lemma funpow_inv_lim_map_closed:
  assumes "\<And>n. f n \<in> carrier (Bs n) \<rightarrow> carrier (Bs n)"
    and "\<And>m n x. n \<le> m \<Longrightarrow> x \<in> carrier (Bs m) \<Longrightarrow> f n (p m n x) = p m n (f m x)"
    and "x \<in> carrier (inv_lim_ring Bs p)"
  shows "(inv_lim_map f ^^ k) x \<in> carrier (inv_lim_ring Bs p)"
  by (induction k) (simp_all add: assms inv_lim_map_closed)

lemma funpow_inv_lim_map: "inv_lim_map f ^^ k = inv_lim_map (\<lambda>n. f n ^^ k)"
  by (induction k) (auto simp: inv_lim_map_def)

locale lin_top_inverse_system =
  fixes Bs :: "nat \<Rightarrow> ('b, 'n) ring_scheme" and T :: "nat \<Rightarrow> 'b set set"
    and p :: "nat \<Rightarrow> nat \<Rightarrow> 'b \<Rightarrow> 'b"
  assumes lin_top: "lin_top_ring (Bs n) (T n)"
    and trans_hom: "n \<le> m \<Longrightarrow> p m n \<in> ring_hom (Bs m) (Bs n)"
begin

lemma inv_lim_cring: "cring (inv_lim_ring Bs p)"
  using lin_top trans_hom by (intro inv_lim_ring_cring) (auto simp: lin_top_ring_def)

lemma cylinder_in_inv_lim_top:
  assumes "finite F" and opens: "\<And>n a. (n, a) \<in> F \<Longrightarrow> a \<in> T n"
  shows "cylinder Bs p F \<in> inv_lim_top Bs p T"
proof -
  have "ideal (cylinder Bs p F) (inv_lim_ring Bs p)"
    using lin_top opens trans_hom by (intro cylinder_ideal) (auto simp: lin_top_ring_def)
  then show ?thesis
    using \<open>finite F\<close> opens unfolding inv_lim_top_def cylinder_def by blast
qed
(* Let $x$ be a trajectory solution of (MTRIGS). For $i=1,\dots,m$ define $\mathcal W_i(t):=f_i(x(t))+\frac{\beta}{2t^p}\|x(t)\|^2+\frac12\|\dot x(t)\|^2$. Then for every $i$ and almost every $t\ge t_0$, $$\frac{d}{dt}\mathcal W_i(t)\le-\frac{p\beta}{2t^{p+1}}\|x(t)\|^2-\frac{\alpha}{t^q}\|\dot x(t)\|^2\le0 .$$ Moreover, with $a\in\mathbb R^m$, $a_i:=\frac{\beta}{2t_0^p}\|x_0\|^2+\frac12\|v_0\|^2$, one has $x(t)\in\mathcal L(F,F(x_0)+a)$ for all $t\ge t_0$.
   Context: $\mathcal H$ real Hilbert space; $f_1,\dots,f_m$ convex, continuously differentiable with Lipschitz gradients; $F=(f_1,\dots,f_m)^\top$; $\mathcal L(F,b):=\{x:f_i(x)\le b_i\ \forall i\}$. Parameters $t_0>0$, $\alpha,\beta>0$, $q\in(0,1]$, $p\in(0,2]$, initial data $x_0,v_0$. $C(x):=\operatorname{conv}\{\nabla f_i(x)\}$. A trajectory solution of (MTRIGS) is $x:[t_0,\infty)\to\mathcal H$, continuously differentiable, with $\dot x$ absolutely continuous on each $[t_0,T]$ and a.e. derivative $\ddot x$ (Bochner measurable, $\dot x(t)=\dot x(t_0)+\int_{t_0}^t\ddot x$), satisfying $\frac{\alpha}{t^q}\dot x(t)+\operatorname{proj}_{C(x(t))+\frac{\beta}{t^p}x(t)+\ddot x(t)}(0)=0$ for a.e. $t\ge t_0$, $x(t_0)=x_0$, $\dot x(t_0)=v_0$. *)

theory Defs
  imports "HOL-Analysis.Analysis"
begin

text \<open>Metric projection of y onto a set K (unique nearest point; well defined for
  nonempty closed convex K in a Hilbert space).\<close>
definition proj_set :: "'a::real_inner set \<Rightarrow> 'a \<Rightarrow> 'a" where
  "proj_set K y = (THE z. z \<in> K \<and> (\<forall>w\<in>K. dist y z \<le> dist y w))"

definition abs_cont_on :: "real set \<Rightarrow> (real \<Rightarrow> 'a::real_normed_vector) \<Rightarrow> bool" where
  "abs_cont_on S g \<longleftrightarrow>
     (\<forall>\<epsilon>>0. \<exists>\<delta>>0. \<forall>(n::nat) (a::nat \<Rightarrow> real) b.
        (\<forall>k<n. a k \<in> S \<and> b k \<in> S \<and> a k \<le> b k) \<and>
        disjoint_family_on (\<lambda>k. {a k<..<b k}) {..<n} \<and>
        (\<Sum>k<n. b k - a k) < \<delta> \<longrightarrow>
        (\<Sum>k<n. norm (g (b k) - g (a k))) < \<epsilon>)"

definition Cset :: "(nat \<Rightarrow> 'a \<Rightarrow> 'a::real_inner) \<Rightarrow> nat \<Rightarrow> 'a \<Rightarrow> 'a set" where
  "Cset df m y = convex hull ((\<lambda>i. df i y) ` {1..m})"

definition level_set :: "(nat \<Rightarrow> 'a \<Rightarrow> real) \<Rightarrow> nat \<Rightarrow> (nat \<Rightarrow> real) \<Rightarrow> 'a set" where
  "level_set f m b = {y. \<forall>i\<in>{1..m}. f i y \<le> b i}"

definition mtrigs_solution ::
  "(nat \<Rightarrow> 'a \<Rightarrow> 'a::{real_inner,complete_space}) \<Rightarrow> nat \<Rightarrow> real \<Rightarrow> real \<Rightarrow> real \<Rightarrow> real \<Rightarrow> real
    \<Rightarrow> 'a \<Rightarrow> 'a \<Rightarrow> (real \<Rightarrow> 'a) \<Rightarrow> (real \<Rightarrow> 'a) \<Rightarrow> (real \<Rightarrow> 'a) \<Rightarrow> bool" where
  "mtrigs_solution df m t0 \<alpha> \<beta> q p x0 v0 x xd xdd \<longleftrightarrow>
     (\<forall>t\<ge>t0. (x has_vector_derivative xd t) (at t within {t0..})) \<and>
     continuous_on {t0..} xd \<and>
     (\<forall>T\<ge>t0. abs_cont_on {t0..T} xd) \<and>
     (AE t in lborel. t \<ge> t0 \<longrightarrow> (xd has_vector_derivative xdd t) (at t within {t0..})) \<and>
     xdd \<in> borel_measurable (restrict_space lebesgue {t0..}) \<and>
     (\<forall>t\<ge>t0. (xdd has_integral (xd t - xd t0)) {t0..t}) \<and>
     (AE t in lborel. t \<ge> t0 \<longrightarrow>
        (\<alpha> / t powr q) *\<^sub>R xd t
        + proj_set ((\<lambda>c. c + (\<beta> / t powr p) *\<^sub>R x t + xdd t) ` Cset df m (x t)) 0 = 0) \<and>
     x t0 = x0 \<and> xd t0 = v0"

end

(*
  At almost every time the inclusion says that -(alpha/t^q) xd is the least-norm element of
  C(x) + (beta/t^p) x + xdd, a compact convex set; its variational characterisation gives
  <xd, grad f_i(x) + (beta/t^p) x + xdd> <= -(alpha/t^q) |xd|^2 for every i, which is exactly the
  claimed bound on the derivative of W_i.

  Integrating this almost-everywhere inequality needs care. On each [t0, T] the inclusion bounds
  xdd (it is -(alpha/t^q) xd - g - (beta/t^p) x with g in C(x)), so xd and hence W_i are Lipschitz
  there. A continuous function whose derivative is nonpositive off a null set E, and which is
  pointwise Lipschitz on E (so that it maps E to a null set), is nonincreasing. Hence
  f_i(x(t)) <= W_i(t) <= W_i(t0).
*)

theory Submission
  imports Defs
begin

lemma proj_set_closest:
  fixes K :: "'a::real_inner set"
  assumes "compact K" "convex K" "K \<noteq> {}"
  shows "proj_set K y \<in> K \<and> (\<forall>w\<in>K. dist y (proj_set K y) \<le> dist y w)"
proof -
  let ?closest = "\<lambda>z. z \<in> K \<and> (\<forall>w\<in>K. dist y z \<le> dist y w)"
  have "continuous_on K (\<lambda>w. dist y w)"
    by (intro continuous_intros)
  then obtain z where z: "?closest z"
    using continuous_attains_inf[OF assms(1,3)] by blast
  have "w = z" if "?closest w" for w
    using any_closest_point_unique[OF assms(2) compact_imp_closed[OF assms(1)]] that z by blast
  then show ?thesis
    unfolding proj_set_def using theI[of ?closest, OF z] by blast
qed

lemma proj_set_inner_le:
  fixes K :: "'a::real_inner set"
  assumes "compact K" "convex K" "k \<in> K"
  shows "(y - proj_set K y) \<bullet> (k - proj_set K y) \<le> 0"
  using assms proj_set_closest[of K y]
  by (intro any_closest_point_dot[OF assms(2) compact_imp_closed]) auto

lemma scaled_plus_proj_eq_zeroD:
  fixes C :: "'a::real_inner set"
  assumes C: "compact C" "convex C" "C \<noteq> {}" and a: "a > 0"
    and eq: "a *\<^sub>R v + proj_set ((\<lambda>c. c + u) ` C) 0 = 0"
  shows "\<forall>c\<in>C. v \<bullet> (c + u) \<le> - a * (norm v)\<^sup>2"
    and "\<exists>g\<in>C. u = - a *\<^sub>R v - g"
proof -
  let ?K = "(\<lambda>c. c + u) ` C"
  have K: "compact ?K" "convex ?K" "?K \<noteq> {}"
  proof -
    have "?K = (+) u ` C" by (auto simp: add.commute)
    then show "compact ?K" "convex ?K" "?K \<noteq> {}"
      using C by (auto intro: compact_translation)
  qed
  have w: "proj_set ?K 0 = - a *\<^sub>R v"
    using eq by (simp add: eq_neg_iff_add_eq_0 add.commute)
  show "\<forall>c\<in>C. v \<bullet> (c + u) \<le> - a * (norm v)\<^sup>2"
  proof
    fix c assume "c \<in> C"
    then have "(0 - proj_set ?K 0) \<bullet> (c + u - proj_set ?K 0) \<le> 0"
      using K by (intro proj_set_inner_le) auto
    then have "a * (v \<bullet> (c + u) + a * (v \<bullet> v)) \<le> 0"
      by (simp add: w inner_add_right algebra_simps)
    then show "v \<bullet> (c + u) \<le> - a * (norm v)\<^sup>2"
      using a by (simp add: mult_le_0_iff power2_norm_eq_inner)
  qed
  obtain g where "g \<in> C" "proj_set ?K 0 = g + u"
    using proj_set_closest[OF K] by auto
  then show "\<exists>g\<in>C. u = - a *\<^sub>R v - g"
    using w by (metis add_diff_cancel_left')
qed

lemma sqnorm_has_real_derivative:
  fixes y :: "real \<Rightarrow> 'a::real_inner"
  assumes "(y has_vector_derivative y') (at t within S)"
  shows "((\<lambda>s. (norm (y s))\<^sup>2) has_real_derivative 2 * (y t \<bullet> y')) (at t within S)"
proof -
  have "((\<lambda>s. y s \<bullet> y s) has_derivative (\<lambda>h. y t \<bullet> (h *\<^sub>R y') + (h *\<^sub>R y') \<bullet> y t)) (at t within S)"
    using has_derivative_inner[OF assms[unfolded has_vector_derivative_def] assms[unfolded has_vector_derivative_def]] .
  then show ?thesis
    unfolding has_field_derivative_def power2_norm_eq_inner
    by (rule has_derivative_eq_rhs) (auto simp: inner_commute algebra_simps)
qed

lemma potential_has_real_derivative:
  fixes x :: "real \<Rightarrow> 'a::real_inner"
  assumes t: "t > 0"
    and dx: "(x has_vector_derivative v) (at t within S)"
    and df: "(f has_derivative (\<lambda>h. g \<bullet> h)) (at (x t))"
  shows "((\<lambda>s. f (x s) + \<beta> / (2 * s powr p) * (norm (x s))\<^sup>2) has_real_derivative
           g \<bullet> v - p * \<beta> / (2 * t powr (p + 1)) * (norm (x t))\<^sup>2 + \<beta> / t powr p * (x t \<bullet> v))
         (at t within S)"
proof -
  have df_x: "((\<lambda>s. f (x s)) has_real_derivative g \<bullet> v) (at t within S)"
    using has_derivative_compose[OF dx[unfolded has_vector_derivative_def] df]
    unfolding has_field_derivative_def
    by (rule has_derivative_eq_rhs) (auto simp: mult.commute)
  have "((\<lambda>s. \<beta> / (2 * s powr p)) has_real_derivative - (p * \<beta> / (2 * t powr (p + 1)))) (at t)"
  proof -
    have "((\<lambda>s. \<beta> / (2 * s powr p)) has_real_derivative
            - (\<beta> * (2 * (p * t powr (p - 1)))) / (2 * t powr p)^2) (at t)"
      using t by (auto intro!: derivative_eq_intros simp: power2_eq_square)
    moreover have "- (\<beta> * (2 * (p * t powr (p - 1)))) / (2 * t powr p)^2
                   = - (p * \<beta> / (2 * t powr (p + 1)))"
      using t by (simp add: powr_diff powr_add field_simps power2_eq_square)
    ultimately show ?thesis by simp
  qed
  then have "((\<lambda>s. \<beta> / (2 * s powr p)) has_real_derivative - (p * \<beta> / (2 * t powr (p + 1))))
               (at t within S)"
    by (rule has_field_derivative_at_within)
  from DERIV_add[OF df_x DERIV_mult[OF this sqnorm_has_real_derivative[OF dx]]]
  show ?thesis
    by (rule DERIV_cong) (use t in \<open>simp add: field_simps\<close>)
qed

*****

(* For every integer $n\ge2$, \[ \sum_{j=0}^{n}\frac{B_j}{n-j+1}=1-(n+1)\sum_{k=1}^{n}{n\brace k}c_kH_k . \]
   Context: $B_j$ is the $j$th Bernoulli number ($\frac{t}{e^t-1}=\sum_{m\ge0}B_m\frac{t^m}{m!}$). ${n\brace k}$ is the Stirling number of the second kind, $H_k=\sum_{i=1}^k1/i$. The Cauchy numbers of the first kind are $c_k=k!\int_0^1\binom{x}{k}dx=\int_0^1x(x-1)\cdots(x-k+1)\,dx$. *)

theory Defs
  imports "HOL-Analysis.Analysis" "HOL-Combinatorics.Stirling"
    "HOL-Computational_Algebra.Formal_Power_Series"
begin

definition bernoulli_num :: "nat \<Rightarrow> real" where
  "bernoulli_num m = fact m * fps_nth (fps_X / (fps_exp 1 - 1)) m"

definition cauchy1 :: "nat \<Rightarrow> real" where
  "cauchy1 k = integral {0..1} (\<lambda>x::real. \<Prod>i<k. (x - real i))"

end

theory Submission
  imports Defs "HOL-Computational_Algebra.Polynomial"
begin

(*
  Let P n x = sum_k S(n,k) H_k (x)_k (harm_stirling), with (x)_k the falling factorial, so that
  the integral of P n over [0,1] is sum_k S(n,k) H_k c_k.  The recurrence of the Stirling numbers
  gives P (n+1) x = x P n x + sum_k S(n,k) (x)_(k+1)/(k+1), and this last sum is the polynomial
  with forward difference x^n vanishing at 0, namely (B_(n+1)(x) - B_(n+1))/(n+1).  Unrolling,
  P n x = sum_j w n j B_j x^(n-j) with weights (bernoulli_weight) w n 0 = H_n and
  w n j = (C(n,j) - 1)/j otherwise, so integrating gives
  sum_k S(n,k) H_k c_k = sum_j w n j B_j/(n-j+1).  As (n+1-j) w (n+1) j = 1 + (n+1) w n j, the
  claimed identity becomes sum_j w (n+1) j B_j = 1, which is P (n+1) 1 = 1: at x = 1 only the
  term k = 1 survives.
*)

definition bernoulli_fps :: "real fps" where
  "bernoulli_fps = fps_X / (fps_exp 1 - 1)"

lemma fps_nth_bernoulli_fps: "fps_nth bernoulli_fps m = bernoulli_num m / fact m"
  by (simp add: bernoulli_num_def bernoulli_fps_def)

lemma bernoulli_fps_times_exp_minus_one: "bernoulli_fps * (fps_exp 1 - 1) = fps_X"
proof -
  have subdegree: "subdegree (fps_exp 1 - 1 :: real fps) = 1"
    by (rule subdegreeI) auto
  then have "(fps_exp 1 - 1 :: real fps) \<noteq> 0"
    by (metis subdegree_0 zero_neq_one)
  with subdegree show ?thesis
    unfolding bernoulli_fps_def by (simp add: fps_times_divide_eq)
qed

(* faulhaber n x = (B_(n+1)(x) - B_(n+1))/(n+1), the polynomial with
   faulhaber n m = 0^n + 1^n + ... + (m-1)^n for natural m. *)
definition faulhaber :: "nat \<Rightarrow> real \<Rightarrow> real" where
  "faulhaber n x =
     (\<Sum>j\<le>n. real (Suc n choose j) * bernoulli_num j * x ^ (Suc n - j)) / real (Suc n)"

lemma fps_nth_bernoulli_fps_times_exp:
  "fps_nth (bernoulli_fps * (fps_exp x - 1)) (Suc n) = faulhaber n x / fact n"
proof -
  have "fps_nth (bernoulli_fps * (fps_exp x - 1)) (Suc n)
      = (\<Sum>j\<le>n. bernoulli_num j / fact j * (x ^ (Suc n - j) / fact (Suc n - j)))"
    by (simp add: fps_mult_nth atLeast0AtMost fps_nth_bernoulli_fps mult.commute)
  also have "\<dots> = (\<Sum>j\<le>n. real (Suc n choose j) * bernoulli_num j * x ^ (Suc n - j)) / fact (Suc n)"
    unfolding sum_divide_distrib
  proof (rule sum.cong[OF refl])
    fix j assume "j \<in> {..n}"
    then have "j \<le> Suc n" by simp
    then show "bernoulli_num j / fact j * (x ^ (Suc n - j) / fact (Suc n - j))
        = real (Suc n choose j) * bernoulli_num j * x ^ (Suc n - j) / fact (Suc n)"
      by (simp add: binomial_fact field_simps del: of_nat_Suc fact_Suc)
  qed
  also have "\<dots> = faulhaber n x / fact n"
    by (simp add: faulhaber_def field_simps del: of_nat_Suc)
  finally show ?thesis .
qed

*****

The problem |
The answer must be every line of the listing that holds the word "brace".

Expected output |
(* For every integer $n\ge2$, \[ \sum_{j=0}^{n}\frac{B_j}{n-j+1}=1-(n+1)\sum_{k=1}^{n}{n\brace k}c_kH_k . \]
   Context: $B_j$ is the $j$th Bernoulli number ($\frac{t}{e^t-1}=\sum_{m\ge0}B_m\frac{t^m}{m!}$). ${n\brace k}$ is the Stirling number of the second kind, $H_k=\sum_{i=1}^k1/i$. The Cauchy numbers of the first kind are $c_k=k!\int_0^1\binom{x}{k}dx=\int_0^1x(x-1)\cdots(x-k+1)\,dx$. *)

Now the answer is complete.